From what I understood one takes the energy-stress-tensor of the scalar field:

$$T_{\mu\nu } = −\partial_\mu \varphi ∂_\nu \varphi − \frac12 g_{\mu\nu}∂_\alpha\varphi∂_\alpha\varphi − V(φ )$$

$$V(φ) = −\frac12 (mφ)^2 + \fracκ4φ^4$$

Where $κ$ is the usual self-interaction coupling constant .

Then this stress-tensor is plugged into Einstein's equation and solved usually with the Schwarzschild or other convenient metrics.

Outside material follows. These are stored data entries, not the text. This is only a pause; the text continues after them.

(* Let $L$ and $M$ be finite-dimensional stem Lie superalgebras that are isoclinic. Then there exists a factor set $r$ on $L$ such that $M\cong (Z(L),L/Z(L),r)$.
   Context: Lie superalgebras over a field of characteristic $\neq 2,3$: $\mathbb{Z}_2$-graded algebras with graded skew-symmetric bracket satisfying the graded Jacobi identity; homomorphisms are even. $Z(L)$ is the center, $L'=[L,L]$; $L$ is stem if $Z(L)\subseteq L'$. $L,M$ are isoclinic if there are isomorphisms $\varphi:L/Z(L)\to M/Z(M)$, $\theta:L'\to M'$ with $\theta([l,m])=[k,r]$ whenever $k+Z(M)=\varphi(l+Z(L))$, $r+Z(M)=\varphi(m+Z(L))$. A factor set on $L$ is a bilinear map $r:L/Z(L)\times L/Z(L)\to Z(L)$ with, for homogeneous $\bar a,\bar b,\bar c$: $r(\bar a,\bar b)\in Z(L)_{|\bar a|+|\bar b|}$; $r(\bar a,\bar b)=-(-1)^{|\bar a||\bar b|}r(\bar b,\bar a)$; $r([\bar a,\bar b],\bar c)=r(\bar a,[\bar b,\bar c])-(-1)^{|\bar a||\bar b|}r(\bar b,[\bar a,\bar c])$. $(Z(L),L/Z(L),r)$ is the Lie superalgebra of pairs $(x,\bar a)$, $x\in Z(L)$, $\bar a\in L/Z(L)$, graded componentwise, with componentwise addition and bracket $[(x_1,\bar a),(x_2,\bar b)]=(r(\bar a,\bar b),[\bar a,\bar b])$. *)

theory Defs
  imports Main
begin

text \<open>Lie superalgebras over a field 'k, represented concretely by a carrier set together
with vector space operations, a bracket and a Z2-grading (False = even, True = odd).\<close>

record ('a, 'k) lsa =
  car :: "'a set"
  zer :: 'a
  pls :: "'a \<Rightarrow> 'a \<Rightarrow> 'a"
  sml :: "'k \<Rightarrow> 'a \<Rightarrow> 'a"
  brk :: "'a \<Rightarrow> 'a \<Rightarrow> 'a"
  prt :: "bool \<Rightarrow> 'a set"

definition gsign :: "bool \<Rightarrow> bool \<Rightarrow> 'k::field" where
  "gsign p q = (if p \<and> q then -1 else 1)"

definition is_vspace :: "('a, 'k::field, 'm) lsa_scheme \<Rightarrow> bool" where
  "is_vspace L \<longleftrightarrow>
     zer L \<in> car L \<and>
     (\<forall>x\<in>car L. \<forall>y\<in>car L. pls L x y \<in> car L) \<and>
     (\<forall>c. \<forall>x\<in>car L. sml L c x \<in> car L) \<and>
     (\<forall>x\<in>car L. \<forall>y\<in>car L. \<forall>z\<in>car L. pls L (pls L x y) z = pls L x (pls L y z)) \<and>
     (\<forall>x\<in>car L. \<forall>y\<in>car L. pls L x y = pls L y x) \<and>
     (\<forall>x\<in>car L. pls L (zer L) x = x) \<and>
     (\<forall>x\<in>car L. pls L x (sml L (-1) x) = zer L) \<and>
     (\<forall>c. \<forall>x\<in>car L. \<forall>y\<in>car L. sml L c (pls L x y) = pls L (sml L c x) (sml L c y)) \<and>
     (\<forall>c d. \<forall>x\<in>car L. sml L (c + d) x = pls L (sml L c x) (sml L d x)) \<and>
     (\<forall>c d. \<forall>x\<in>car L. sml L (c * d) x = sml L c (sml L d x)) \<and>
     (\<forall>x\<in>car L. sml L 1 x = x)"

Now from what I know about QFT, isn't $φ$ an operator that maps the Hilbert space $H$ of particle states to $H$ itself? Doesn't that make the components of the energy-stress-tensor observables and thus operators as well? If so, then how can one equate the components of the Einstein tensor (which are purely geometric tensor fields) to operators?

I once read that people (as of today) usually plug in < $T_{μν}$ > in Einstein's equation, but in the papers I read they directly used the operator itself and not it's expectation value.

I also wondered how people plug the Maxwell stress tensor into Einstein's equations in a similar way? I get that the EM and scalar field are real valued fields, but shouldn't we use the expectation values in Einstein's equation?

What am I missing? Here is a link to one such paper: http://arxiv.org/abs/0805.3211

This post imported from StackExchange Physics at 2014-05-08 05:12 (UCT), posted by SE-user dj_mummy
This seems to be a semantic issue. People sometimes use the phrase Klein-Gordon equation to refer to the classical wave equation with a mass term. There is nothing quantum about it. So $\phi$ is not an operator, its just a normal classical field.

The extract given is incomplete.